Pescados Capitales presenta su capítulo más contemporáneo

POR NATALY

El rumor salino del mediodía limeño se filtra entre las mesas como un presagio. En Pescados Capitales, ese clásico de Miraflores que aprendió a contar historias a través del mar, algo vuelve a renacer. Tras...

El rumor salino del mediodía limeño se filtra entre las mesas como un presagio. En Pescados Capitales, ese clásico de Miraflores que aprendió a contar historias a través del mar, algo vuelve a renacer. Tras siete años, la casa marina presenta una nueva carta que no busca solo innovar: busca reformular el acto de comer como un rito de deseo, donde cada plato es una pequeña herejía celebrada con elegancia.

Un mar que se reinventa sin romper su marea

En esta nueva etapa, el restaurante abraza una contemporaneidad sobria, sin renunciar a su espíritu irreverente. Las 18 creaciones inéditas se articulan como un mapa sensorial del litoral peruano, donde cada ingrediente aparece con una intención narrativa: textura, memoria, carácter.

La chef ejecutiva Elba Velarde lo resume como una filosofía culinaria donde el producto manda y el significado se cocina a fuego lento. “Respeto absoluto por el producto”, insiste, como si cada plato contuviera una lección secreta del océano. Aquí, los antiguos pecados capitales mutan en gestos virtuosos: la Humita con salsa de mariscos se vuelve un abrazo cálido; la Causa de pulpa de cangrejo, un guiño a la tradición; el Cebiche Tentación y el Cebiche Nikkei, juegos de tensión entre acidez, indulgencia y modernidad.

El arte de pecar con estilo

Bajo el concepto provocador “Pecar es humano. Repetir, divino.”, la nueva carta propone un recorrido que se lee como un manifiesto. Hay guiños orientales sutiles, equilibrio en cada contraste y un lenguaje visual más afinado: vajillas que enmarcan, colores que dialogan, cocciones que cuentan.

Incluso los postres —renovados por completo— se construyen como aperturas, no como finales. La degustación de helados artesanales peruanos aparece como una forma dulce de recordar que el territorio también se saborea en frío. Todo respira una curaduría más integral, más consciente de la estética y el tiempo.

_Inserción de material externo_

lemma Cconst_sq_mono:
  assumes "admissible_angle \<alpha> \<theta>" "admissible_angle \<alpha> \<theta>'" "\<theta> \<le> \<theta>'"
  shows "(Cconst \<alpha> \<theta>)^2 \<le> (Cconst \<alpha> \<theta>')^2"
proof -
  have "0 \<le> sin (2*\<theta>)" "sin (2*\<theta>) \<le> sin (2*\<theta>')"
    using assms unfolding admissible_angle_def by (auto intro!: sin_ge_zero sin_monotone_2pi_le)
  then have "(sin (2*\<theta>))^2 \<le> (sin (2*\<theta>'))^2" by (intro power_mono) auto
  then show ?thesis unfolding Cconst_def by (simp add: power_divide divide_right_mono)
qed

lemma Lreduced_at_0: "\<alpha> > 0 \<Longrightarrow> Lreduced \<alpha> \<theta> 0 = - cos (2*\<theta>) / (2*\<alpha>)"
  unfolding Lreduced_def Ppoly_def by (simp add: power2_eq_square)

lemma Lreduced_strict_mono:
  assumes "\<alpha> > 0" "admissible_angle \<alpha> \<theta>" "admissible_angle \<alpha> \<theta>'" "\<theta> < \<theta>'" "\<bar>x\<bar> \<le> 1"
  shows "Lreduced \<alpha> \<theta> x < Lreduced \<alpha> \<theta>' x"
proof (cases "x = 0")
  case True
  then show ?thesis
    using assms(1) cos_double_strict_antimono[OF assms(2-4)]
    by (simp add: Lreduced_at_0 divide_strict_right_mono)
next
  case False
  define A where "A = \<alpha>^2 + (Cconst \<alpha> \<theta>)^2 * x^4"
  define A' where "A' = \<alpha>^2 + (Cconst \<alpha> \<theta>')^2 * x^4"
  define q where "q = sqrt (Ppoly \<alpha> \<theta> x)"
  define q' where "q' = sqrt (Ppoly \<alpha> \<theta>' x)"
  have P: "Ppoly \<alpha> \<theta> x > 0" "Ppoly \<alpha> \<theta>' x > 0"
    using Ppoly_pos[OF assms(1,2,5)] Ppoly_pos[OF assms(1,3,5)] by auto
  have u: "(Cconst \<alpha> \<theta>)^2 * x^4 \<le> (Cconst \<alpha> \<theta>')^2 * x^4"
    using Cconst_sq_mono[OF assms(2,3)] assms(4) by (simp add: mult_right_mono)
  have "cos (2*\<theta>') * x^2 < cos (2*\<theta>) * x^2"
    using cos_double_strict_antimono[OF assms(2-4)] False by simp
  then have "Ppoly \<alpha> \<theta>' x < Ppoly \<alpha> \<theta> x" using u unfolding Ppoly_def by linarith
  then have "0 < q'" "q' < q" using P unfolding q_def q'_def by simp_all
  moreover have "0 < A" unfolding A_def using assms(1) by (simp add: add_pos_nonneg)
  ultimately have "A / q < A / q'" by (simp add: divide_strict_left_mono)
  also have "\<dots> \<le> A' / q'" using u \<open>0 < q'\<close> unfolding A_def A'_def by (simp add: divide_right_mono)
  finally have "Lreduced \<alpha> \<theta> x * x^2 < Lreduced \<alpha> \<theta>' x * x^2"
    unfolding Lreduced_mult_sq[OF assms(1) P(1)] Lreduced_mult_sq[OF assms(1) P(2)]
    unfolding A_def A'_def q_def q'_def by simp
  then show ?thesis using False by simp
qed

lemma continuous_on_Lreduced_sin:
  assumes "\<alpha> > 0" "\<And>\<theta>. \<theta> \<in> U \<Longrightarrow> admissible_angle \<alpha> \<theta>"
  shows "continuous_on (U \<times> S) (\<lambda>(\<theta>, \<phi>). Lreduced \<alpha> \<theta> (sin \<phi>))"
proof -
  have "sqrt (Ppoly \<alpha> (fst z) (sin (snd z))) > 0" if "z \<in> U \<times> S" for z
    using Ppoly_pos[OF assms(1) assms(2) abs_sin_le_one] that by auto
  then have nz: "sqrt (Ppoly \<alpha> (fst z) (sin (snd z))) * (\<alpha> + sqrt (Ppoly \<alpha> (fst z) (sin (snd z)))) \<noteq> 0"
    if "z \<in> U \<times> S" for z
    using that assms(1) by (metis add_pos_pos less_irrefl mult_pos_pos)
  have cont_P: "continuous_on (U \<times> S) (\<lambda>z. Ppoly \<alpha> (fst z) (sin (snd z)))"
    unfolding Ppoly_def Cconst_def by (intro continuous_intros) (use assms(1) in auto)
  have "continuous_on (U \<times> S) (\<lambda>z. Lreduced \<alpha> (fst z) (sin (snd z)))"
    unfolding Lreduced_def Cconst_def
    by (intro continuous_intros cont_P) (use nz assms(1) in auto)
  then show ?thesis by (simp add: case_prod_beta')
qed

lemma continuous_on_Lreduced_sin_angle:
  assumes "\<alpha> > 0" "admissible_angle \<alpha> \<theta>"
  shows "continuous_on S (\<lambda>\<phi>. Lreduced \<alpha> \<theta> (sin \<phi>))"
proof -
  have "continuous_on ({\<theta>} \<times> S) (\<lambda>(\<theta>, \<phi>). Lreduced \<alpha> \<theta> (sin \<phi>))"
    using assms by (intro continuous_on_Lreduced_sin) auto
  then have "continuous_on S (\<lambda>\<phi>. (\<lambda>(\<theta>, \<phi>). Lreduced \<alpha> \<theta> (sin \<phi>)) (\<theta>, \<phi>))"
    by (rule continuous_on_compose2) (auto intro!: continuous_intros)
  then show ?thesis by simp
qed

section \<open>The substitution \<open>x = sin \<phi>\<close>\<close>

lemma Lintegrand_eq_Lreduced:
  assumes "\<bar>x\<bar> < 1"
  shows "Lintegrand \<alpha> \<theta> x = Lreduced \<alpha> \<theta> x / sqrt (1 - x^2)"
  unfolding Lintegrand_def Lreduced_def by (simp add: real_sqrt_mult)

lemma isCont_Lintegrand:
  assumes "\<alpha> > 0" "admissible_angle \<alpha> \<theta>" "\<bar>x\<bar> < 1"
  shows "isCont (Lintegrand \<alpha> \<theta>) x"
proof -
  have P: "Ppoly \<alpha> \<theta> x > 0" using assms by (intro Ppoly_pos) auto
  have "1 - x^2 > 0" using assms(3) by (simp add: abs_square_less_1)
  moreover have "\<alpha> + sqrt (Ppoly \<alpha> \<theta> x) > 0" using P assms(1) by (simp add: add_pos_pos)
  ultimately have "sqrt ((1 - x^2) * Ppoly \<alpha> \<theta> x) * (\<alpha> + sqrt (Ppoly \<alpha> \<theta> x)) \<noteq> 0"
    using P by simp
  moreover have "isCont (Ppoly \<alpha> \<theta>) x" unfolding Ppoly_def by (intro continuous_intros)
  ultimately show ?thesis unfolding Lintegrand_def by (intro continuous_intros)
qed

lemma sin_tendsto_ereal_at_right:
  "((ereal \<circ> sin \<circ> real_of_ereal) \<longlongrightarrow> -1) (at_right (ereal (-pi/2)))"
proof -
  have "(sin \<longlongrightarrow> sin (-pi/2)) (at_right (-pi/2))"
    by (intro tendsto_intros)
  then have "((\<lambda>x. ereal (sin x)) \<longlongrightarrow> ereal (-1)) (at_right (-pi/2))"
    by (simp add: lim_ereal)
  then have "(((\<lambda>x. ereal (sin x)) \<circ> real_of_ereal) \<longlongrightarrow> ereal (-1)) (at_right (ereal (-pi/2)))"
    unfolding ereal_tendsto_simps1 .
  moreover have "(-1::ereal) = ereal (-1)" by (simp add: one_ereal_def)
  moreover have "ereal \<circ> sin \<circ> real_of_ereal = (\<lambda>x. ereal (sin x)) \<circ> real_of_ereal" by (simp add: o_def)
  ultimately show ?thesis by simp
qed

lemma sin_tendsto_ereal_at_left:
  "((ereal \<circ> sin \<circ> real_of_ereal) \<longlongrightarrow> 1) (at_left (ereal (pi/2)))"
proof -
  have "(sin \<longlongrightarrow> sin (pi/2)) (at_left (pi/2))"
    by (intro tendsto_intros)
  then have "((\<lambda>x. ereal (sin x)) \<longlongrightarrow> ereal 1) (at_left (pi/2))"
    by (simp add: lim_ereal)
  then have "(((\<lambda>x. ereal (sin x)) \<circ> real_of_ereal) \<longlongrightarrow> ereal 1) (at_left (ereal (pi/2)))"
    unfolding ereal_tendsto_simps1 .
  moreover have "(1::ereal) = ereal 1" by (simp add: one_ereal_def)
  moreover have "ereal \<circ> sin \<circ> real_of_ereal = (\<lambda>x. ereal (sin x)) \<circ> real_of_ereal" by (simp add: o_def)
  ultimately show ?thesis by simp
qed

lemma abs_sin_less_one:
  assumes "\<phi> \<in> {-pi/2<..<pi/2}" shows "\<bar>sin \<phi>\<bar> < 1"
proof -
  have "sin (-pi/2) < sin \<phi>" "sin \<phi> < sin (pi/2)"
    using assms by (intro sin_monotone_2pi; simp)+
  then show ?thesis by auto
qed

lemma half_pi_interval_nonempty: "{-pi/2<..<pi/2::real} \<noteq> {}"
  using pi_gt_zero by (simp del: pi_gt_zero)

lemma LBINT_sin_substitution_nonneg:
  fixes f h :: "real \<Rightarrow> real"
  assumes contf: "\<And>x. \<bar>x\<bar> < 1 \<Longrightarrow> isCont f x"
    and conth: "continuous_on {-pi/2..pi/2} h"
    and rel: "\<And>\<phi>. \<phi> \<in> {-pi/2<..<pi/2} \<Longrightarrow> f (sin \<phi>) * cos \<phi> = h \<phi>"
    and nonneg: "\<And>\<phi>. \<phi> \<in> {-pi/2<..<pi/2} \<Longrightarrow> h \<phi> \<ge> 0"
  shows "set_integrable lborel (einterval (-1) 1) f"
    and "(LBINT x=-1..1. f x) = integral {-pi/2..pi/2} h"
proof -
  have cos_pos: "cos \<phi> > 0" if "\<phi> \<in> {-pi/2<..<pi/2}" for \<phi>
    using that by (intro cos_gt_zero_pi) auto
  have int_h: "set_integrable lborel {-pi/2..pi/2} h"
    by (rule borel_integrable_atLeastAtMost') (rule conth)
  have "set_integrable lborel (einterval (ereal (-pi/2)) (ereal (pi/2))) h"
    by (rule set_integrable_subset[OF int_h]) (auto simp: einterval_eq)
  moreover have "set_integrable lborel (einterval (ereal (-pi/2)) (ereal (pi/2))) (\<lambda>x. f (sin x) * cos x)
      \<longleftrightarrow> set_integrable lborel (einterval (ereal (-pi/2)) (ereal (pi/2))) h"
    unfolding set_integrable_def
    by (intro arg_cong[where f = "integrable lborel"] ext) (auto simp: einterval_eq indicator_def rel)
  ultimately have int_fg:
    "set_integrable lborel (einterval (ereal (-pi/2)) (ereal (pi/2))) (\<lambda>x. f (sin x) * cos x)"
    by simp
  have f_sin: "isCont f (sin \<phi>)" "0 \<le> f (sin \<phi>)"
    if "ereal (-pi/2) < ereal \<phi>" "ereal \<phi> < ereal (pi/2)" for \<phi>
  proof -
    have \<phi>: "\<phi> \<in> {-pi/2<..<pi/2}" using that by simp
    show "isCont f (sin \<phi>)" by (rule contf[OF abs_sin_less_one[OF \<phi>]])
    show "0 \<le> f (sin \<phi>)"
      using rel[OF \<phi>] nonneg[OF \<phi>] cos_pos[OF \<phi>] by (metis zero_le_mult_iff not_le)
  qed
  have cos_nonneg: "0 \<le> cos \<phi>" if "ereal (-pi/2) \<le> ereal \<phi>" "ereal \<phi> \<le> ereal (pi/2)" for \<phi>
    using that by (intro cos_ge_zero) auto
  note subst = interval_integral_substitution_nonneg[of "ereal (-pi/2)" "ereal (pi/2)" sin cos f,
      OF _ DERIV_sin f_sin(1) isCont_cos f_sin(2) cos_nonneg
      sin_tendsto_ereal_at_right sin_tendsto_ereal_at_left int_fg]
  then show "set_integrable lborel (einterval (-1) 1) f" by simp
  have "(LBINT x=ereal (-pi/2)..ereal (pi/2). f (sin x) * cos x) = (LBINT x=ereal (-pi/2)..ereal (pi/2). h x)"
    by (rule interval_integral_cong) (auto simp: einterval_eq rel)
  also have "\<dots> = integral {-pi/2..pi/2} h"
    by (rule interval_integral_eq_integral) (use int_h in auto)
  finally show "(LBINT x=-1..1. f x) = integral {-pi/2..pi/2} h" using subst by simp
qed

lemma LBINT_sin_substitution:
  fixes f h :: "real \<Rightarrow> real"
  assumes contf: "\<And>x. \<bar>x\<bar> < 1 \<Longrightarrow> isCont f x"
    and conth: "continuous_on {-pi/2..pi/2} h"
    and rel: "\<And>\<phi>. \<phi> \<in> {-pi/2<..<pi/2} \<Longrightarrow> f (sin \<phi>) * cos \<phi> = h \<phi>"
  shows "(LBINT x=-1..1. f x) = integral {-pi/2..pi/2} h"
proof -
  \<comment> \<open>The library rule needs a nonnegative integrand, so shift \<open>f\<close> by \<open>B / sqrt (1 - x\<^sup>2)\<close>,
    which corresponds to the constant \<open>B \<ge> \<bar>h\<bar>\<close>, and subtract the two substitutions.\<close>
  obtain B where B: "\<And>\<phi>. \<phi> \<in> {-pi/2..pi/2} \<Longrightarrow> \<bar>h \<phi>\<bar> \<le> B"
    using compact_imp_bounded[OF compact_continuous_image[OF conth compact_Icc]]
    unfolding bounded_iff ball_simps real_norm_def by blast
  define g where "g x = B / sqrt (1 - x^2)" for x
  have cont_g: "isCont g x" if "\<bar>x\<bar> < 1" for x
  proof -
    have "x^2 < 1" using that by (simp add: abs_square_less_1)
    then show ?thesis unfolding g_def by (intro continuous_intros) auto
  qed
  have rel_g: "g (sin \<phi>) * cos \<phi> = B" if "\<phi> \<in> {-pi/2<..<pi/2}" for \<phi>
  proof -
    have "cos \<phi> > 0" using that by (intro cos_gt_zero_pi) auto
    then show ?thesis unfolding g_def by (simp add: cos_squared_eq[symmetric])
  qed
  have "B \<ge> 0" using B[of 0] by auto
  note sub_g = LBINT_sin_substitution_nonneg[of g "\<lambda>_. B", OF cont_g continuous_on_const rel_g \<open>B \<ge> 0\<close>]
  have cont_fg: "isCont (\<lambda>x. f x + g x) x" if "\<bar>x\<bar> < 1" for x
    using contf[OF that] cont_g[OF that] by (rule continuous_add)
  have cont_hB: "continuous_on {-pi/2..pi/2} (\<lambda>\<phi>. h \<phi> + B)"
    using conth by (intro continuous_intros)
  have rel_fg: "(f (sin \<phi>) + g (sin \<phi>)) * cos \<phi> = h \<phi> + B" if "\<phi> \<in> {-pi/2<..<pi/2}" for \<phi>
    using rel[OF that] rel_g[OF that] by (simp add: distrib_right)
  have hB_nonneg: "h \<phi> + B \<ge> 0" if "\<phi> \<in> {-pi/2<..<pi/2}" for \<phi>
    using B[of \<phi>] that by auto
  note fg = LBINT_sin_substitution_nonneg[OF cont_fg cont_hB rel_fg hB_nonneg]
  have "(LBINT x=-1..1. f x) = (LBINT x=-1..1. (f x + g x) - g x)" by simp
  also have "\<dots> = (LBINT x=-1..1. f x + g x) - (LBINT x=-1..1. g x)"
    using fg(1) sub_g(1)
    by (intro interval_lebesgue_integral_diff) (auto simp: interval_lebesgue_integrable_def one_ereal_def)
  also have "\<dots> = integral {-pi/2..pi/2} (\<lambda>\<phi>. h \<phi> + B) - integral {-pi/2..pi/2} (\<lambda>_. B)"
    using fg(2) sub_g(2) by simp
  also have "\<dots> = integral {-pi/2..pi/2} h"
    using conth by (simp add: integral_add integrable_continuous_interval)
  finally show ?thesis .
qed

Veintitrés años después, el mito se actualiza

Para Stefano Susffalich, CEO del Grupo Civitano, la renovación no es ruptura, sino continuidad. Habla de una marca con más de dos décadas de historia, reconocida por un público que volvió tantas veces que terminó por convertir el restaurante en un ritual limeño. Hoy, Pescados Capitales afina su carácter: más contemporáneo, más visual, más atento a la evolución del comensal sin renunciar a su esencia marina.

La nueva barra, los sabores afinados y la narrativa de marca consolidan un restaurante que busca no solo alimentar, sino sugerir una forma de mirar el mar peruano: vasta, compleja, profundamente nuestra.

El mar siempre encuentra maneras de volver a empezar. Esta carta —ya disponible en los locales de Miraflores y Chacarilla— no solo celebra esa persistencia, sino que la convierte en identidad. Pescados Capitales no cambia de rumbo; simplemente afina la brújula para navegar, una vez más, hacia lo memorable.